Venn diagram of overlap between patients identified by the eMERGE DM2 Case algorithm and patients self-reporting positive diabetes status.

There were 2,249 WICER Survey participants with self-reported diabetes status who had at least one visit recorded at our institution within the last five years. Table 3 presents summary statistics and demography for patients reporting diabete s and no diabetes. The patients identified by the eMERGE DM2 Case algorithm (eMERGE Case), the pool of potential cases meeting any of the diagnostic, medication, or lab value criteria (Case Pool), and those patients meeting none of the criteria (Excluded) are presented for both the patients with reported diabetes status and the general population. In patients with self-reported status, eMERGE Cases and patients in the Case Pool are, on average, more than 15 years older than the Excluded group, and have twice as many recorded visits. The same difference is more than 24 years in the general patient population, with three times as many recorded visits. Patients with reported status are more likely to be female, as expected, but follow the same trend with regard to age and visits, albeit with 1.8–3.5x as many visits. While patients with reported status do tend to be older than the general population in general (46.1 vs. 36.4), those in the respective Case Pools are approximately the same age (61.8 vs. 61.0).

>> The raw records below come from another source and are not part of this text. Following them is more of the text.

lemma Fil_tmono:
  assumes "set u \<subseteq> edges G lt s" "int (word_rank G lt s u) \<le> m"
  shows "(tmono u :: ('v \<times> 'v) list \<Rightarrow> 'a::comm_ring_1) \<in> Fil G lt s m"
  by (rule FilI[OF in_TW_tmono[OF assms(1)] AI_zero]) (use assms in \<open>auto simp: tmono_def split: if_splits\<close>)

lemma amul_diff_left:
  "amul (\<lambda>m w. h1 m w - h2 m w) g m w = amul h1 g m w - (amul h2 g m w :: 'a::comm_ring_1)"
  unfolding amul_def by (simp add: tmul_diff_left sum_subtractf)

lemma amul_diff_right:
  "amul g (\<lambda>m w. h1 m w - h2 m w) m w = amul g h1 m w - (amul g h2 m w :: 'a::comm_ring_1)"
  unfolding amul_def by (simp add: tmul_diff_right sum_subtractf)

lemma amul_sum_left:
  "amul (\<lambda>m w. \<Sum>i\<in>I. h i m w) g m w = (\<Sum>i\<in>I. amul (h i) g m w :: 'a::comm_ring_1)"
  unfolding amul_def tmul_def by (simp add: sum_distrib_right sum.swap[of _ I])

lemma amul_sum_right:
  "amul g (\<lambda>m w. \<Sum>i\<in>I. h i m w) m w = (\<Sum>i\<in>I. amul g (h i) m w :: 'a::comm_ring_1)"
  unfolding amul_def tmul_def by (simp add: sum_distrib_left sum.swap[of _ I])

lemma amul_if_left:
  "amul (\<lambda>m w. if P then h m w else 0) g m w = (if P then amul h g m w else (0::'a::comm_ring_1))"
  by (simp add: amul_def tmul_def)

lemma amul_if_right:
  "amul g (\<lambda>m w. if P then h m w else 0) m w = (if P then amul g h m w else (0::'a::comm_ring_1))"
  by (simp add: amul_def tmul_def)

lemma amul_scalar_left:
  "amul (\<lambda>m w. a * h m w) g m w = a * (amul h g m w :: 'a::comm_ring_1)"
  unfolding amul_def tmul_def by (simp add: sum_distrib_left mult_ac)

lemma amul_scalar_right:
  "amul g (\<lambda>m w. a * h m w) m w = a * (amul g h m w :: 'a::comm_ring_1)"
  unfolding amul_def tmul_def by (simp add: sum_distrib_left mult_ac)

lemma amul_azero_left: "amul azero g m w = (0 :: 'a::comm_ring_1)"
  unfolding amul_def tmul_def azero_def by simp

lemma amul_aone_right: "amul g aone m w = (g m w :: 'a::comm_ring_1)"
proof -
  have "amul g aone m w = (\<Sum>i\<le>m. if i = m then g m w else 0)"
    unfolding amul_def aone_def by (rule sum.cong) (auto simp: tmul_tmono_Nil_right tmul_zero_right)
  then show ?thesis by simp
qed

definition prefix_rank :: "nat \<Rightarrow> nat \<Rightarrow> nat" where
  "prefix_rank R j = (\<Sum>i<j. R - i)"

lemma sum_diff_add_sum:
  fixes S :: "nat set"
  assumes "finite S" "\<forall>i\<in>S. i \<le> R"
  shows "(\<Sum>i\<in>S. R - i) + \<Sum>S = card S * R"
proof -
  have "(\<Sum>i\<in>S. R - i) + \<Sum>S = (\<Sum>i\<in>S. (R - i) + i)" by (simp add: sum.distrib)
  also have "\<dots> = (\<Sum>i\<in>S. R)" using assms(2) by (intro sum.cong) auto
  finally show ?thesis by simp
qed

Table 4 shows the validation statistics against self-reported status. Sensitivity and specificity for the eMERGE phenotyping algorithm were .32 and .97, respectively, while positive predictive value was .70. The highest positive predictive value (.85) was achieved by requiring all criteria (Diagnosis AND Medication AND Lab). This combination also has the highest specificity (.98). While the highest sensitivity (.87) was achieved by the least restrictive combination (Diagnosis OR Medication OR Lab), the sensitivity of the combination requiring all criteria (.55) was still higher than that of the eMERGE algorithm.

Table 4:

Positive predictive value, sensitivity, and specificity for the eMERGE DM2 Case algorithm using only the patients identified by the eMERGE DM2 Control algorithm.

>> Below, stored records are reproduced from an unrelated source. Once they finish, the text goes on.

lemma residual_bound:
  assumes g: "g \<in> {0<..1}" and t: "t \<in> {0..T}"
  shows "\<bar>\<Delta> g t\<bar> \<le> \<bar>y\<bar> * exp (- 2 * t)"
proof -
  have "\<bar>\<Delta> g t\<bar> \<le> \<bar>\<Delta> g 0\<bar> * exp (- 2 * t)"
  proof (rule cosh_flow_decay)
    show "(\<Delta> g has_real_derivative - (2 * cosh (2 * \<tau> g s) * \<Delta> g s)) (at s within {0..t})"
      if "s \<in> {0..t}" for s
      by (rule DERIV_subset[OF residual_deriv[OF g]]) (use that t in auto)
  qed (use t in auto)
  then show ?thesis
    using residual_0[OF g] by simp
qed

lemma residual_bounded: "uniform_bigo T \<Delta> 0"
proof (rule uniform_bigo_bounded)
  fix g t :: real assume "g \<in> {0<..1}" "t \<in> {0..T}"
  then show "\<bar>\<Delta> g t\<bar> \<le> \<bar>y\<bar>"
    using residual_bound[of g t] by (smt (verit) atLeastAtMost_iff exp_le_one_iff mult_left_le)
qed

lemma scaled_residual_bounded: "uniform_bigo T (\<lambda>g t. \<Delta> g t * exp (2 * t)) 0"
proof (rule uniform_bigo_bounded)
  fix g t :: real assume "g \<in> {0<..1}" "t \<in> {0..T}"
  then have "\<bar>\<Delta> g t\<bar> * exp (2 * t) \<le> \<bar>y\<bar> * exp (- 2 * t) * exp (2 * t)"
    using residual_bound[of g t] by (intro mult_right_mono) auto
  then show "\<bar>\<Delta> g t * exp (2 * t)\<bar> \<le> \<bar>y\<bar>"
    by (simp add: abs_mult mult.assoc flip: exp_add)
qed

lemma angle_bigo: "uniform_bigo T \<tau> 1"
proof (rule uniform_bigo_integrate[OF angle_deriv angle_0])
  show "uniform_bigo T (\<lambda>g t. g * \<Delta> g t) 1"
    by (rule uniform_bigo_mult[OF uniform_bigo_id residual_bounded]) simp
qed

lemma cosh_angle_taylor: "uniform_bigo T (\<lambda>g t. cosh (2 * \<tau> g t) - 1 - 2 * (\<tau> g t)\<^sup>2) 4"
proof -
  obtain C where C: "\<forall>g\<in>{0<..1}. \<forall>t\<in>{0..T}. \<bar>\<tau> g t\<bar> \<le> C * g"
    using angle_bigo unfolding uniform_bigo_def by auto
  have "\<bar>cosh (2 * \<tau> g t) - 1 - 2 * (\<tau> g t)\<^sup>2\<bar> \<le> (exp (2 * C) * 2 / 3 * C ^ 4) * g ^ 4"
    if g: "g \<in> {0<..1}" and t: "t \<in> {0..T}" for g t
  proof -
    have \<tau>: "\<bar>\<tau> g t\<bar> \<le> C * g"
      using C g t by blast
    have "0 \<le> C * g"
      by (rule order_trans[OF abs_ge_zero \<tau>])
    then have "0 \<le> C"
      using g by (simp add: zero_le_mult_iff)
    then have "C * g \<le> C"
      using g by (simp add: mult_left_le)
    then have "exp \<bar>2 * \<tau> g t\<bar> \<le> exp (2 * C)"
      using \<tau> by simp
    moreover have "(2 * \<tau> g t) ^ 4 \<le> 16 * (C * g) ^ 4"
      using power_mono[OF \<tau>, of 4] by (simp add: power_mult_distrib power_even_abs_numeral)
    ultimately have "exp \<bar>2 * \<tau> g t\<bar> * (2 * \<tau> g t) ^ 4 / 24 \<le> exp (2 * C) * (16 * (C * g) ^ 4) / 24"
      by (intro divide_right_mono mult_mono) auto
    moreover have "\<bar>cosh (2 * \<tau> g t) - 1 - 2 * (\<tau> g t)\<^sup>2\<bar> \<le> exp \<bar>2 * \<tau> g t\<bar> * (2 * \<tau> g t) ^ 4 / 24"
      using cosh_taylor_bound[of "2 * \<tau> g t"] by (simp add: power_mult_distrib)
    ultimately show ?thesis
      by (simp add: power_mult_distrib mult_ac)
  qed
  then show ?thesis
    unfolding uniform_bigo_def by blast
qed

lemma cosh_angle_bigo: "uniform_bigo T (\<lambda>g t. cosh (2 * \<tau> g t) - 1) 2"
proof -
  have "uniform_bigo T (\<lambda>g t. cosh (2 * \<tau> g t) - 1 - 2 * (\<tau> g t)\<^sup>2) 2"
    using cosh_angle_taylor by (rule uniform_bigo_mono) simp
  moreover have "uniform_bigo T (\<lambda>g t. 2 * (\<tau> g t * \<tau> g t)) 2"
    by (intro uniform_bigo_cmult uniform_bigo_mult[OF angle_bigo angle_bigo]) simp
  ultimately show ?thesis
    by (rule uniform_bigo_cong[OF uniform_bigo_add]) (simp add: power2_eq_square)
qed

lemma decay_factor_bounded: "uniform_bigo T (\<lambda>g t. exp (- 2 * t)) 0"
  by (rule uniform_bigo_bounded[where B = 1]) auto

lemma scaled_residual_first_order: "uniform_bigo T (\<lambda>g t. \<Delta> g t * exp (2 * t) - y) 2"
proof (rule uniform_bigo_integrate)
  show "((\<lambda>t. \<Delta> g t * exp (2 * t) - y) has_real_derivative
      - 2 * ((cosh (2 * \<tau> g t) - 1) * (\<Delta> g t * exp (2 * t)))) (at t within {0..T})"
    if "g \<in> {0<..1}" "t \<in> {0..T}" for g t
    by (rule derivative_eq_intros residual_deriv[OF that] | simp)+ (simp add: algebra_simps)
  show "uniform_bigo T (\<lambda>g t. - 2 * ((cosh (2 * \<tau> g t) - 1) * (\<Delta> g t * exp (2 * t)))) 2"
    by (intro uniform_bigo_cmult uniform_bigo_mult[OF cosh_angle_bigo scaled_residual_bounded]) simp
qed (simp add: residual_0)

lemma angle_first_order: "uniform_bigo T (\<lambda>g t. \<tau> g t - g * y * (1 - exp (- 2 * t)) / 2) 3"
proof (rule uniform_bigo_integrate)
  show "((\<lambda>t. \<tau> g t - g * y * (1 - exp (- 2 * t)) / 2) has_real_derivative
      g * exp (- 2 * t) * (\<Delta> g t * exp (2 * t) - y)) (at t within {0..T})"
    if "g \<in> {0<..1}" "t \<in> {0..T}" for g t
    by (rule derivative_eq_intros angle_deriv[OF that] | simp)+
      (simp add: algebra_simps flip: exp_add)
  show "uniform_bigo T (\<lambda>g t. g * exp (- 2 * t) * (\<Delta> g t * exp (2 * t) - y)) 3"
  proof (rule uniform_bigo_mult[OF _ scaled_residual_first_order])
    show "uniform_bigo T (\<lambda>g t. g * exp (- 2 * t)) 1"
      by (rule uniform_bigo_mult[OF uniform_bigo_id decay_factor_bounded]) simp
  qed simp
qed (simp add: angle_0)

lemma scaled_residual_second_order:
  "uniform_bigo T (\<lambda>g t. \<Delta> g t * exp (2 * t) - y + g\<^sup>2 * y ^ 3 * correction_integral t) 4"
proof (rule uniform_bigo_integrate)
  show "((\<lambda>t. \<Delta> g t * exp (2 * t) - y + g\<^sup>2 * y ^ 3 * correction_integral t) has_real_derivative
      - 2 * ((cosh (2 * \<tau> g t) - 1) * (\<Delta> g t * exp (2 * t))) + g\<^sup>2 * y ^ 3 * (1 - exp (- 2 * t))\<^sup>2)
      (at t within {0..T})"
    if "g \<in> {0<..1}" "t \<in> {0..T}" for g t
    by (rule derivative_eq_intros residual_deriv[OF that] correction_integral_deriv | simp)+
      (simp add: algebra_simps)
  define s where "s g t = g * y * (1 - exp (- 2 * t)) / 2" for g t :: real
  have s: "uniform_bigo T s 1"
  proof (rule uniform_bigo_cong[OF uniform_bigo_mult[OF uniform_bigo_id]])
    show "uniform_bigo T (\<lambda>g t. y * (1 - exp (- 2 * t)) / 2) 0"
    proof (rule uniform_bigo_bounded)
      fix g t :: real assume "t \<in> {0..T}"
      then have "\<bar>1 - exp (- 2 * t)\<bar> \<le> 1"
        by auto
      then have "\<bar>y\<bar> * \<bar>1 - exp (- 2 * t)\<bar> \<le> \<bar>y\<bar> * 1"
        by (intro mult_left_mono) auto
      then show "\<bar>y * (1 - exp (- 2 * t)) / 2\<bar> \<le> \<bar>y\<bar>"
        by (simp add: abs_mult)
    qed
  qed (simp_all add: s_def)
  text \<open>Split \<open>cosh 2\<tau> - 1\<close> as \<open>(cosh 2\<tau> - 1 - 2\<tau>\<^sup>2) + 2 (\<tau> - s) (\<tau> + s) + 2 s\<^sup>2\<close>: the
    first two pieces are \<open>O(g\<^sup>4)\<close> by the Taylor bound and the first-order angle, and the source
    term \<open>g\<^sup>2 y\<^sup>3 (1 - e\<^sup>-\<^sup>2\<^sup>t)\<^sup>2 = 4 s\<^sup>2 y\<close> cancels the third up to \<open>4 s\<^sup>2 (\<Delta> e\<^sup>2\<^sup>t - y) = O(g\<^sup>4)\<close>.\<close>
  have split: "- 2 * ((c - 1) * p) + g\<^sup>2 * y ^ 3 * (1 - e)\<^sup>2 =
      - 2 * ((c - 1 - 2 * a\<^sup>2) * p) + - 4 * ((a - b) * (a + b) * p) + - 4 * (b * b * (p - y))"
    if "2 * b = g * y * (1 - e)" for c p a b g e :: real
    using that by algebra
  have taylor: "uniform_bigo T (\<lambda>g t. - 2 * ((cosh (2 * \<tau> g t) - 1 - 2 * (\<tau> g t)\<^sup>2)
      * (\<Delta> g t * exp (2 * t)))) 4"
    by (intro uniform_bigo_cmult uniform_bigo_mult[OF cosh_angle_taylor scaled_residual_bounded]) simp
  have cross: "uniform_bigo T (\<lambda>g t. - 4 * ((\<tau> g t - s g t) * (\<tau> g t + s g t)
      * (\<Delta> g t * exp (2 * t)))) 4"
  proof -
    have "uniform_bigo T (\<lambda>g t. \<tau> g t - s g t) 3"
      using angle_first_order by (simp add: s_def)
    then have "uniform_bigo T (\<lambda>g t. (\<tau> g t - s g t) * (\<tau> g t + s g t)) 4"
      by (rule uniform_bigo_mult[OF _ uniform_bigo_add[OF angle_bigo s]]) simp
    from uniform_bigo_mult[OF this scaled_residual_bounded] show ?thesis
      by (intro uniform_bigo_cmult) simp
  qed
  have square: "uniform_bigo T (\<lambda>g t. - 4 * ((s g t * s g t) * (\<Delta> g t * exp (2 * t) - y))) 4"
    by (intro uniform_bigo_cmult
        uniform_bigo_mult[OF uniform_bigo_mult[where n = 2, OF s s] scaled_residual_first_order])
      simp_all
  show "uniform_bigo T (\<lambda>g t. - 2 * ((cosh (2 * \<tau> g t) - 1) * (\<Delta> g t * exp (2 * t)))
      + g\<^sup>2 * y ^ 3 * (1 - exp (- 2 * t))\<^sup>2) 4"
    by (rule uniform_bigo_cong[OF uniform_bigo_add[OF uniform_bigo_add[OF taylor cross] square]], rule split)
      (simp add: s_def)
qed (simp add: residual_0)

Set N Patient-reported Diabetes Count Positive PredictiveValue Sensitivity Specificity
eMERGE Case 204 143 0.70 0.32 0.97
Diagnosis 517 369 0.71 0.83 0.92
Medication 320 260 0.81 0.58 0.97
Labs 549 330 0.60 0.74 0.88
Diagnosis AND Medication AND Lab 291 246 0.85 0.55 0.98
Diagnosis OR Medication OR Lab 670 387 0.58 0.87 0.84

Validation statistics were also computed for the eMERGE DM2 Case algorithm using only the eMERGE DM2 Control patients for comparison. These results are presented in Table 5. As a pair the DM2 Case and Control algorithms excluded 1,449 patients, reducing the pool of analyzable patients to 800. The majority of self-identified diabetes patients fell into the excluded group, which raised the apparent sensitivity of the eMERGE DM2 Case algorithm to .93. However, the apparent specificity fell to .91.

Table 5:

Positive predictive value, sensitivity, and specificity for the eMERGE DM2 Case algorithm, the component criteria individually (Diagnosis, Medication, Lab), the group of patients meeting all criteria (Diagnosis AND Medication AND Lab), and patients meeting any of the criteria (Diagnosis OR Medication OR Lab). All statistics were calculated against patient-reported diabetes status.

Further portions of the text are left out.